▶ [Action item]
Beneath this task are records; print exactly the stretch of them from the line with "(\<exists>U. closedin X" through the line with "int \<Rightarrow> 'a \<Rightarrow>", both ends included.

■ ■ ■ ■ ■

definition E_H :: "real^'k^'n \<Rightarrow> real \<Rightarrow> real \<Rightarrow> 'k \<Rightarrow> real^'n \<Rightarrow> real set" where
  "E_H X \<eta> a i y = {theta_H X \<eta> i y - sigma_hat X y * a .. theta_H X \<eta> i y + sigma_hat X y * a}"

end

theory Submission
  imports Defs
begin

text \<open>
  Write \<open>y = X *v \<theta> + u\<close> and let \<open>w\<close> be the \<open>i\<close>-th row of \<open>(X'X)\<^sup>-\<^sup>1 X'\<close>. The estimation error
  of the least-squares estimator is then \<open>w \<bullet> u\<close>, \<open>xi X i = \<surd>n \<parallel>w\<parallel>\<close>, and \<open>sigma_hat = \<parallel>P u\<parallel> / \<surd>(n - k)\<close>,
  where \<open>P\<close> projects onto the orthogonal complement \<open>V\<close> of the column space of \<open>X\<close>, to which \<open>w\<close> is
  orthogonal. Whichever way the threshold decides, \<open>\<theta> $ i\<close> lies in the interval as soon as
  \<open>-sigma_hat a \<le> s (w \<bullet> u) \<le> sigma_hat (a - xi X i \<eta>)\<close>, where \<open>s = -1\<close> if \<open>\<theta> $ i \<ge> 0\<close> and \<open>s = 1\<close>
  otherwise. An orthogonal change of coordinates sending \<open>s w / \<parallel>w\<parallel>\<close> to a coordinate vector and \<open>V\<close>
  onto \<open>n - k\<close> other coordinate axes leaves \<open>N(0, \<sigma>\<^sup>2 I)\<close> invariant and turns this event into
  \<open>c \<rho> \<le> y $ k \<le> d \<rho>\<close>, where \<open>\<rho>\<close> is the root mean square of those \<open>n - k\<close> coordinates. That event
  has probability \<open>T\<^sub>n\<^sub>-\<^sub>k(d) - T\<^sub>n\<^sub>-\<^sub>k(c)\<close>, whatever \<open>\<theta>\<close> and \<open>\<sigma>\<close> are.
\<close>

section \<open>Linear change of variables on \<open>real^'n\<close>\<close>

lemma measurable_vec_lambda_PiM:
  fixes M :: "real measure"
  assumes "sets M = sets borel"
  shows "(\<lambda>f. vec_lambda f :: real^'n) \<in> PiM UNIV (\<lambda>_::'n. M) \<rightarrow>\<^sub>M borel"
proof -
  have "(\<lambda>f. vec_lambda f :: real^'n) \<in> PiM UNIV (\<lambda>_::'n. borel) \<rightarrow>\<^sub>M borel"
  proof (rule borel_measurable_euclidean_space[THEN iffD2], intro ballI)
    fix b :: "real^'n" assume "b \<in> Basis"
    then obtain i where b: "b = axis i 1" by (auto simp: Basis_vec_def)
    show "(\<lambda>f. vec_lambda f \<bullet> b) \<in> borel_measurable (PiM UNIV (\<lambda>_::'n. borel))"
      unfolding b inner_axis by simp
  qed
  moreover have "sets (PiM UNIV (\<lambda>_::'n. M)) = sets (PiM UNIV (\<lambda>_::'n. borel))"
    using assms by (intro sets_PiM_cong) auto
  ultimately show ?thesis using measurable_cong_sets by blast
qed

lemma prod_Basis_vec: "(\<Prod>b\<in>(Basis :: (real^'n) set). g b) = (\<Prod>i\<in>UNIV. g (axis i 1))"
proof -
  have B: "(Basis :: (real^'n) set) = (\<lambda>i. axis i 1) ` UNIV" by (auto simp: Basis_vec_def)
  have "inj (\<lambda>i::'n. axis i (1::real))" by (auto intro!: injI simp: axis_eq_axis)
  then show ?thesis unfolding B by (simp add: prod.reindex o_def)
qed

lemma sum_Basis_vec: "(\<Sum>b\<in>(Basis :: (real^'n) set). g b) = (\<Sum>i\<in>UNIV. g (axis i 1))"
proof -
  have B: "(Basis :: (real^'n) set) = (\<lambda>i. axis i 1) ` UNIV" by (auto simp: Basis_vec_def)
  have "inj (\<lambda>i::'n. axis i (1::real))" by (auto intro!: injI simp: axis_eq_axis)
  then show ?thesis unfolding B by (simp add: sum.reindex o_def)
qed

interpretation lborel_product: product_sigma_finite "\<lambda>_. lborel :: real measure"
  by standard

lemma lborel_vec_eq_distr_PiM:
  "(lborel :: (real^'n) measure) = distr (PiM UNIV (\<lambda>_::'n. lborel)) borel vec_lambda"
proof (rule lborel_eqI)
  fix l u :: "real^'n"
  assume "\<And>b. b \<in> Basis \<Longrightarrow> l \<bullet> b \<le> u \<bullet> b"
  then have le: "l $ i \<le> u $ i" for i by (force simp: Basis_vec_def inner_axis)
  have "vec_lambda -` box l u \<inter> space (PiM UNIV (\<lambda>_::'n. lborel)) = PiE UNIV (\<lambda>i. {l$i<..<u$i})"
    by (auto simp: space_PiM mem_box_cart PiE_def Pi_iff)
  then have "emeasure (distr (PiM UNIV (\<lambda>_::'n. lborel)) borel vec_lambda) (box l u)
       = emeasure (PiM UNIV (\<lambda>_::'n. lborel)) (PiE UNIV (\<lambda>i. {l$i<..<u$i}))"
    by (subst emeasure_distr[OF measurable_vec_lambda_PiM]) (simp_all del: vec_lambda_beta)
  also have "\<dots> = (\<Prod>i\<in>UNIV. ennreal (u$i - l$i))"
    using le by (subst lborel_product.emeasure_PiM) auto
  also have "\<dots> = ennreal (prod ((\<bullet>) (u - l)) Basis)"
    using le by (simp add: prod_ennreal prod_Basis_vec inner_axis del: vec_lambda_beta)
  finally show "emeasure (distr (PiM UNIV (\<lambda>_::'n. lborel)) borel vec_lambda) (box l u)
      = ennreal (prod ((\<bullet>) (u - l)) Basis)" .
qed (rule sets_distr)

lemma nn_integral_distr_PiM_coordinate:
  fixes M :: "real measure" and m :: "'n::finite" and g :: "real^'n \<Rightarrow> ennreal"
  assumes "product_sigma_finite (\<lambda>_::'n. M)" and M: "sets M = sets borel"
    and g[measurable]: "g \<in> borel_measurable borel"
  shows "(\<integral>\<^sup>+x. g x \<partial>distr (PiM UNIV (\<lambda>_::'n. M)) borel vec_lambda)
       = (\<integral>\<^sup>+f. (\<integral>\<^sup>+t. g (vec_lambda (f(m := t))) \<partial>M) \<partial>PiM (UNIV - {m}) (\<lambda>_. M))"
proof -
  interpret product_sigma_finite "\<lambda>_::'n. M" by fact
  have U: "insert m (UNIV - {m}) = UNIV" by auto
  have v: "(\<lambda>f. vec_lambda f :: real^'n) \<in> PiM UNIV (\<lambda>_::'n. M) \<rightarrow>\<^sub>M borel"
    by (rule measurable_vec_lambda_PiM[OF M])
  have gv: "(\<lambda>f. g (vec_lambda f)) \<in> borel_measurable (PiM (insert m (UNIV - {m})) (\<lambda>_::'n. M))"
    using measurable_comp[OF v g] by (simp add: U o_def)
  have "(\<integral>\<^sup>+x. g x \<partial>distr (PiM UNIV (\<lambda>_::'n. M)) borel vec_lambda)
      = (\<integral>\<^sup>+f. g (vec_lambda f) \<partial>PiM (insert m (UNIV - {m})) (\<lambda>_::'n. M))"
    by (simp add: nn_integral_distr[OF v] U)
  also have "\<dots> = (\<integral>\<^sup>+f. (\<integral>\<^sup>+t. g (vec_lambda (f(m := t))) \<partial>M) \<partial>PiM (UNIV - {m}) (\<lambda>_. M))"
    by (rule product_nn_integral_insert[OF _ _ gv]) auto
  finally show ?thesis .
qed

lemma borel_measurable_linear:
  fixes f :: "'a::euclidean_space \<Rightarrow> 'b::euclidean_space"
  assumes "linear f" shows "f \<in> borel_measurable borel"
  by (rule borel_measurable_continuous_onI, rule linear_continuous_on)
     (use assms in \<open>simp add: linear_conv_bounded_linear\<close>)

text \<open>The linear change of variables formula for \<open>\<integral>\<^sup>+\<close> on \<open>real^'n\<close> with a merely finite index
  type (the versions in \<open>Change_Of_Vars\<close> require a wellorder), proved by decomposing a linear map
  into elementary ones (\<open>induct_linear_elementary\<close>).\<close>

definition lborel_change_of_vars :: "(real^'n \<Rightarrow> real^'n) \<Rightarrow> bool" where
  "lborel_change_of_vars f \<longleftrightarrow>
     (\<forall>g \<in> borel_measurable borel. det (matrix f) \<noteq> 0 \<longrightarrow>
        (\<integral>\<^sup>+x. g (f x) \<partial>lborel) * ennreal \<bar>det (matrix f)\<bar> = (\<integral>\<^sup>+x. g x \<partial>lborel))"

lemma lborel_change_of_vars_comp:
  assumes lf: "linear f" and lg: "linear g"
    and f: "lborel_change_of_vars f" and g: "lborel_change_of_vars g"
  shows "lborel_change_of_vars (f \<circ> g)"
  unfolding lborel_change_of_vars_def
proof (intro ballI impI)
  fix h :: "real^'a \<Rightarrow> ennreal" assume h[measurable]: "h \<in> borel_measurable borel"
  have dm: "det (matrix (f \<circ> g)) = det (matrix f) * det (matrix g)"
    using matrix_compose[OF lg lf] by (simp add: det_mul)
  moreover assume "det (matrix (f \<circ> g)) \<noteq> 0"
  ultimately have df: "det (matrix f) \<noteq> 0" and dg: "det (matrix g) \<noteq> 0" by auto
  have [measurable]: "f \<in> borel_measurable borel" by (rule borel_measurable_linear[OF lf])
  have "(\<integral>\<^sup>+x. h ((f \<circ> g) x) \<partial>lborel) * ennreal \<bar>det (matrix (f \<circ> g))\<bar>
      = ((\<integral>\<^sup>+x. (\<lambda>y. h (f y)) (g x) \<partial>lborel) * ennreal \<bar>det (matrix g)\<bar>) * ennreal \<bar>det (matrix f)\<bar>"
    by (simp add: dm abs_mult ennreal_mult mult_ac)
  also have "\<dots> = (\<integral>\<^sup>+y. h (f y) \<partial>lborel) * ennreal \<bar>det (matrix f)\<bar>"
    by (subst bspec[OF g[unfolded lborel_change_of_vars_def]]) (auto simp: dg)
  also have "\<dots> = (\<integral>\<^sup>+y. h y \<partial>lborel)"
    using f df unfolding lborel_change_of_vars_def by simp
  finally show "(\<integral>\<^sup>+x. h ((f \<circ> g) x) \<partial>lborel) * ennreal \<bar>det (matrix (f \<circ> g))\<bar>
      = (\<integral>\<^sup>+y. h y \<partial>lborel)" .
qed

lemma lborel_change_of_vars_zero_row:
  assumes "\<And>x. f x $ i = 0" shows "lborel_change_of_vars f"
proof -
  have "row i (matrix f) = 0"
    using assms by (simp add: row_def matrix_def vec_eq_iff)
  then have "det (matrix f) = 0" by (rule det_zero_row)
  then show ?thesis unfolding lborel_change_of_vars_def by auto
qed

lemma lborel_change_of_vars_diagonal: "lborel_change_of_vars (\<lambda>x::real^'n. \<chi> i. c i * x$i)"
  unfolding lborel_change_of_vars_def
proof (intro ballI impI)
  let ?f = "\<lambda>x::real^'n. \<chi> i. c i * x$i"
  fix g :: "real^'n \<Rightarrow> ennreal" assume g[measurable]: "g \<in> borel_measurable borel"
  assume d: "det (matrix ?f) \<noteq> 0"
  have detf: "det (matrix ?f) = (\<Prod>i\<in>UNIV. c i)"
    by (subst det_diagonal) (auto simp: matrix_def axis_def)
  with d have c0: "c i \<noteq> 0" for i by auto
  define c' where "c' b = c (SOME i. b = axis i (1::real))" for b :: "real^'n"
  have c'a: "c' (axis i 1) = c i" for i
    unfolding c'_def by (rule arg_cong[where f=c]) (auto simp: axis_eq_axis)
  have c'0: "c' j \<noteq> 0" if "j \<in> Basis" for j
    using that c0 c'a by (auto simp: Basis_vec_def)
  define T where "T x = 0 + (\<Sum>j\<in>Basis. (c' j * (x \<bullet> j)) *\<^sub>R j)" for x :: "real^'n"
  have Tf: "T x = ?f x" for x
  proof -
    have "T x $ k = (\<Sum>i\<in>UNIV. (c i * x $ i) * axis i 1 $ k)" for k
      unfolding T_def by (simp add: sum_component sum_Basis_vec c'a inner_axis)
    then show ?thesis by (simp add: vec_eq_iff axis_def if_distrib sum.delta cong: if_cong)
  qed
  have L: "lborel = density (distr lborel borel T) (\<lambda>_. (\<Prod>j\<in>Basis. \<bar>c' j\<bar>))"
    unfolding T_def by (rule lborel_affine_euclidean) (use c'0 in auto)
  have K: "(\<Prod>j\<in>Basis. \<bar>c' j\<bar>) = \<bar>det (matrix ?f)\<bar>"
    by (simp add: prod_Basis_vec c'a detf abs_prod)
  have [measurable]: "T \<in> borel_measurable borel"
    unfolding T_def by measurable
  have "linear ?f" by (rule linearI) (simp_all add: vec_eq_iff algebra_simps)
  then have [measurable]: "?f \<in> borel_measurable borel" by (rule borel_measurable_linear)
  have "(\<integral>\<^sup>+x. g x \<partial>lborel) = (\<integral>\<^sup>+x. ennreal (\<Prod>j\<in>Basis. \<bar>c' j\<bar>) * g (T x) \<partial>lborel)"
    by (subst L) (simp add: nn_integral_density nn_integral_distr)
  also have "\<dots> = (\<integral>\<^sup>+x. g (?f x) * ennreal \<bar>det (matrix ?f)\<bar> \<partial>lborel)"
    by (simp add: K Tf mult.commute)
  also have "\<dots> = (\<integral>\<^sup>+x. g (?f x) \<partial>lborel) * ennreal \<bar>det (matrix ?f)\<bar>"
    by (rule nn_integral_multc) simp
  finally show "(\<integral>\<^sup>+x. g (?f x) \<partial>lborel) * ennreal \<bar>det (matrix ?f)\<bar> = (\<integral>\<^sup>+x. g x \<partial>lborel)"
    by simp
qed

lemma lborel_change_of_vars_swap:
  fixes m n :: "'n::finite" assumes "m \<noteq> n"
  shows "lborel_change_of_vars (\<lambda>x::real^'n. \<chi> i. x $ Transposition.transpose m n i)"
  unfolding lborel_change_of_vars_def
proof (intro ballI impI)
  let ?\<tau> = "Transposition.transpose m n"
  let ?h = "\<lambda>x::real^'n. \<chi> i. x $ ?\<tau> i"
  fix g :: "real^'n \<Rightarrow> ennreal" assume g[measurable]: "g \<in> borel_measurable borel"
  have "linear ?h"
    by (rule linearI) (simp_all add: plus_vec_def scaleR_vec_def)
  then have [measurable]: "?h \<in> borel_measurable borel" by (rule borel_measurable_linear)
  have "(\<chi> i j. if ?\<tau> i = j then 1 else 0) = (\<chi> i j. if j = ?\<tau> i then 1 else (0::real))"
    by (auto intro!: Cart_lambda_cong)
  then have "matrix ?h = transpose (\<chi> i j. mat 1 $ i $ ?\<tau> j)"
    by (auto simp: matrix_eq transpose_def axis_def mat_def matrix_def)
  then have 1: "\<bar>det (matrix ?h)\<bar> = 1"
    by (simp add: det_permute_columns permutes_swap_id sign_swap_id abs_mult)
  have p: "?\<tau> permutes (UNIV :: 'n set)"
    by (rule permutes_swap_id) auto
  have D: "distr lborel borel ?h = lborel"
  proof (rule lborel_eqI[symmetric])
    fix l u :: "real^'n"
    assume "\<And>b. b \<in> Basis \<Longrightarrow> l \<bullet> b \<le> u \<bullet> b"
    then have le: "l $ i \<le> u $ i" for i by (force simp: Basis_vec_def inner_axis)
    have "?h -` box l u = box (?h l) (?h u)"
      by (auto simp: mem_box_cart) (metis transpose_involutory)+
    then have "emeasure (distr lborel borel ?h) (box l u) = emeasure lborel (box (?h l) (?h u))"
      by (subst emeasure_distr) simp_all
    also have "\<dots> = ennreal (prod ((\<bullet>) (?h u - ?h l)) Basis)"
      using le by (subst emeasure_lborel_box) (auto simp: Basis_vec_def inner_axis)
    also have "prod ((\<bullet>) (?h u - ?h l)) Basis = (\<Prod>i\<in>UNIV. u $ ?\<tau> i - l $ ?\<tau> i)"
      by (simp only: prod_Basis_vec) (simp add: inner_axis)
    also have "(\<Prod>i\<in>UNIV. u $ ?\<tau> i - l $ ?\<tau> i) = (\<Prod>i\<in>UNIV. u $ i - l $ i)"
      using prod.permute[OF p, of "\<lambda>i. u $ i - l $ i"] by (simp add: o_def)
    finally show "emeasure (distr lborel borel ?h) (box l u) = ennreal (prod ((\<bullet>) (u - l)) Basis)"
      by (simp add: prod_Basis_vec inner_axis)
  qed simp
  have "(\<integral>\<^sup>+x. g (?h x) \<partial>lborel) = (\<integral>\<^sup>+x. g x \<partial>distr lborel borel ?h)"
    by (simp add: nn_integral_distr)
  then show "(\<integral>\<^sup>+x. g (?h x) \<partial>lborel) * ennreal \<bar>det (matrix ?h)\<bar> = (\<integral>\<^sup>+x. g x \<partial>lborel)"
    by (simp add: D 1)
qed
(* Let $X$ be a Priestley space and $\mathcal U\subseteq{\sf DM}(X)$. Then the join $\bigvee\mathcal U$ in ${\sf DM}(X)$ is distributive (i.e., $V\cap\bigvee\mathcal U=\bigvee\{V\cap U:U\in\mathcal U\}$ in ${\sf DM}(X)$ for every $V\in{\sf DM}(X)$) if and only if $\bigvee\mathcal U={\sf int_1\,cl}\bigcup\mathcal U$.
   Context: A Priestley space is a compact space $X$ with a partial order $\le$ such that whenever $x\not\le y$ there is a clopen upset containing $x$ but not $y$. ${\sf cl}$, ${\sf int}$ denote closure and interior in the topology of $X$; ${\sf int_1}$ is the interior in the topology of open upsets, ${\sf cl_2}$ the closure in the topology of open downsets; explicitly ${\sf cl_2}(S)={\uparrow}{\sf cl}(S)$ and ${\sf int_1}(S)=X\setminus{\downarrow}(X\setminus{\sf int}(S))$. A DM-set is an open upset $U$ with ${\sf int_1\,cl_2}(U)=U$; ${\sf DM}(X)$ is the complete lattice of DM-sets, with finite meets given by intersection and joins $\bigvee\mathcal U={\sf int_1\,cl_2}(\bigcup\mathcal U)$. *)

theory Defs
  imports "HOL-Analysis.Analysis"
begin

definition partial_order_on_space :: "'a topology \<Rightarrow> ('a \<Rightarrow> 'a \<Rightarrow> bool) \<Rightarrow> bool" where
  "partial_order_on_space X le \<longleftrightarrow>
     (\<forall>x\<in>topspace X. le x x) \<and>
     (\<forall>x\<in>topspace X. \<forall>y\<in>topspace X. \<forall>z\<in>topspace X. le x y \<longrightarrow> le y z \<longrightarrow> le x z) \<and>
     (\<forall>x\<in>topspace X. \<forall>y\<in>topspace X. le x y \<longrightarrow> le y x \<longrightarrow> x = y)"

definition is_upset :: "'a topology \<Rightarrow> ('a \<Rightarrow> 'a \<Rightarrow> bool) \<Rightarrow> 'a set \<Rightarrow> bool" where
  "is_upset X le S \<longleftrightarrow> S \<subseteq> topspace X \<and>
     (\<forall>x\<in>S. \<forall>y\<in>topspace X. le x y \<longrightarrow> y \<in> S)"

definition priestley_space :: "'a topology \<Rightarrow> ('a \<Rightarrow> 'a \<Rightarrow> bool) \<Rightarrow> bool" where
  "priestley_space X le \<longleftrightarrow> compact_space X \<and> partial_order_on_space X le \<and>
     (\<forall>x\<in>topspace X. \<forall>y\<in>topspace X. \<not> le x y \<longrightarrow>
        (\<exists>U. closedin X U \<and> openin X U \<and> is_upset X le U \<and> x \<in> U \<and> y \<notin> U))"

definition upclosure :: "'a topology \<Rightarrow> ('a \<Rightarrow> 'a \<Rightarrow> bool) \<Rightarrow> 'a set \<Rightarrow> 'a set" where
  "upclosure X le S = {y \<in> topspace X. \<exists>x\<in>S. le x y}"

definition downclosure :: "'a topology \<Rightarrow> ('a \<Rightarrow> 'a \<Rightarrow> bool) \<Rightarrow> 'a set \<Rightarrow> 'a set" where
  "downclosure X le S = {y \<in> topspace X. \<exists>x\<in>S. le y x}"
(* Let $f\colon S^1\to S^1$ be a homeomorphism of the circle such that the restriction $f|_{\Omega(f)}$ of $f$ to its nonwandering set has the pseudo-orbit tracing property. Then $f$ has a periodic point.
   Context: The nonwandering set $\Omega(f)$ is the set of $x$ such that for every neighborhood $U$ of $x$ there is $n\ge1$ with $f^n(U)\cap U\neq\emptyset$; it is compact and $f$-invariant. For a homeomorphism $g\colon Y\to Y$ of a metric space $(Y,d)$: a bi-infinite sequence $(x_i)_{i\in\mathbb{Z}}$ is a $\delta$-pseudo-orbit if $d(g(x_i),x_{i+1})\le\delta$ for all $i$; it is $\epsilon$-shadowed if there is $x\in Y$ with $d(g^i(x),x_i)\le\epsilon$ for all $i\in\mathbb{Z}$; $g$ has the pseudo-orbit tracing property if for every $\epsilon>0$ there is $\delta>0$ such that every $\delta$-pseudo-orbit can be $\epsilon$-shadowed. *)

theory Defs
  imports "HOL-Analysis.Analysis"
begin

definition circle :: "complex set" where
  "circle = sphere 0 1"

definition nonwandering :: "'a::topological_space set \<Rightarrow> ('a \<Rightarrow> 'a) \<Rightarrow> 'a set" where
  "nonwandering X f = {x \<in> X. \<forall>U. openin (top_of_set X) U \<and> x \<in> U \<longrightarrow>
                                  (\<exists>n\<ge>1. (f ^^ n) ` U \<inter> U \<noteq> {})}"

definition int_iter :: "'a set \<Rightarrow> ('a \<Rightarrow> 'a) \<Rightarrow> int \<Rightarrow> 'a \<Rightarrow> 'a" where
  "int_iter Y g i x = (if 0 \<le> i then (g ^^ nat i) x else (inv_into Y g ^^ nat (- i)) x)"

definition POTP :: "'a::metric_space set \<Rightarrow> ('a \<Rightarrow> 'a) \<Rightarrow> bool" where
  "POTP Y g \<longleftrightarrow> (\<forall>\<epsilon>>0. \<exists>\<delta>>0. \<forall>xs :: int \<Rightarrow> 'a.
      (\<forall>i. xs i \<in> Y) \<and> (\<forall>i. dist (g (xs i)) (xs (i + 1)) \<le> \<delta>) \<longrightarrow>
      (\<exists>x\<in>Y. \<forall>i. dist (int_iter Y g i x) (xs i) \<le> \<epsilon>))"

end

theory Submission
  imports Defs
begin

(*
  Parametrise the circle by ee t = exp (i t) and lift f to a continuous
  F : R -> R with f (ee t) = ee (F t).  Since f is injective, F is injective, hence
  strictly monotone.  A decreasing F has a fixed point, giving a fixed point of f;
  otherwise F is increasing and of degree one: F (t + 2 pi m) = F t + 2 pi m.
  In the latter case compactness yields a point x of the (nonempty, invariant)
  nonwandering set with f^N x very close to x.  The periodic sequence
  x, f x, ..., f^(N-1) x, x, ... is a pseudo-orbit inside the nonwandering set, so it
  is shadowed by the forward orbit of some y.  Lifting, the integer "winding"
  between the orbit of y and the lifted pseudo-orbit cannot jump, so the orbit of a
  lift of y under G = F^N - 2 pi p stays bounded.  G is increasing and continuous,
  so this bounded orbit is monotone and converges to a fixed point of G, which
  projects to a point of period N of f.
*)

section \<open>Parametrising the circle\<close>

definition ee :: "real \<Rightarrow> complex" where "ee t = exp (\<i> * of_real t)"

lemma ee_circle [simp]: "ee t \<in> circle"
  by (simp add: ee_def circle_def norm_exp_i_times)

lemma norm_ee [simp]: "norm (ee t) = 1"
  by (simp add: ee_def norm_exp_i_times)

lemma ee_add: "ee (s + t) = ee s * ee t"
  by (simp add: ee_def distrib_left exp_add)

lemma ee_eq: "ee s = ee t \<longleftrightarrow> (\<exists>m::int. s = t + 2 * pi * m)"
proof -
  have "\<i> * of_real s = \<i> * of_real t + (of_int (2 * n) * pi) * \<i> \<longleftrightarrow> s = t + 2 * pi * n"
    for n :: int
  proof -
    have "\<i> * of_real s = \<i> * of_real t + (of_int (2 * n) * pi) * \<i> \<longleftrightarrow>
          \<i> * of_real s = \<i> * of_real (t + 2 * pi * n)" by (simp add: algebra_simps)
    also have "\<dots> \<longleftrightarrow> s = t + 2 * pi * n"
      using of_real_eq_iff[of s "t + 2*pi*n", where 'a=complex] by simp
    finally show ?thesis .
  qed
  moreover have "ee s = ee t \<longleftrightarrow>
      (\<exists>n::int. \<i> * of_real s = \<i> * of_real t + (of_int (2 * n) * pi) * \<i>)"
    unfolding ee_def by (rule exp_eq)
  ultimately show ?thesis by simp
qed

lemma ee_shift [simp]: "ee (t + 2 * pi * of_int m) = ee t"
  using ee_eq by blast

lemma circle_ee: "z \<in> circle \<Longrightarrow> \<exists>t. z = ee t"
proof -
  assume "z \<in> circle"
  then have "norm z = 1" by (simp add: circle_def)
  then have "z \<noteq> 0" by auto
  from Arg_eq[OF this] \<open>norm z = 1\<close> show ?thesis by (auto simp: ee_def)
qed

■ ■ ■ ■ ■

▶ [Written response]
        (\<exists>U. closedin X U \<and> openin X U \<and> is_upset X le U \<and> x \<in> U \<and> y \<notin> U))"

definition upclosure :: "'a topology \<Rightarrow> ('a \<Rightarrow> 'a \<Rightarrow> bool) \<Rightarrow> 'a set \<Rightarrow> 'a set" where
  "upclosure X le S = {y \<in> topspace X. \<exists>x\<in>S. le x y}"

definition downclosure :: "'a topology \<Rightarrow> ('a \<Rightarrow> 'a \<Rightarrow> bool) \<Rightarrow> 'a set \<Rightarrow> 'a set" where
  "downclosure X le S = {y \<in> topspace X. \<exists>x\<in>S. le y x}"
(* Let $f\colon S^1\to S^1$ be a homeomorphism of the circle such that the restriction $f|_{\Omega(f)}$ of $f$ to its nonwandering set has the pseudo-orbit tracing property. Then $f$ has a periodic point.
   Context: The nonwandering set $\Omega(f)$ is the set of $x$ such that for every neighborhood $U$ of $x$ there is $n\ge1$ with $f^n(U)\cap U\neq\emptyset$; it is compact and $f$-invariant. For a homeomorphism $g\colon Y\to Y$ of a metric space $(Y,d)$: a bi-infinite sequence $(x_i)_{i\in\mathbb{Z}}$ is a $\delta$-pseudo-orbit if $d(g(x_i),x_{i+1})\le\delta$ for all $i$; it is $\epsilon$-shadowed if there is $x\in Y$ with $d(g^i(x),x_i)\le\epsilon$ for all $i\in\mathbb{Z}$; $g$ has the pseudo-orbit tracing property if for every $\epsilon>0$ there is $\delta>0$ such that every $\delta$-pseudo-orbit can be $\epsilon$-shadowed. *)

theory Defs
  imports "HOL-Analysis.Analysis"
begin

definition circle :: "complex set" where
  "circle = sphere 0 1"

definition nonwandering :: "'a::topological_space set \<Rightarrow> ('a \<Rightarrow> 'a) \<Rightarrow> 'a set" where
  "nonwandering X f = {x \<in> X. \<forall>U. openin (top_of_set X) U \<and> x \<in> U \<longrightarrow>
                                  (\<exists>n\<ge>1. (f ^^ n) ` U \<inter> U \<noteq> {})}"

definition int_iter :: "'a set \<Rightarrow> ('a \<Rightarrow> 'a) \<Rightarrow> int \<Rightarrow> 'a \<Rightarrow> 'a" where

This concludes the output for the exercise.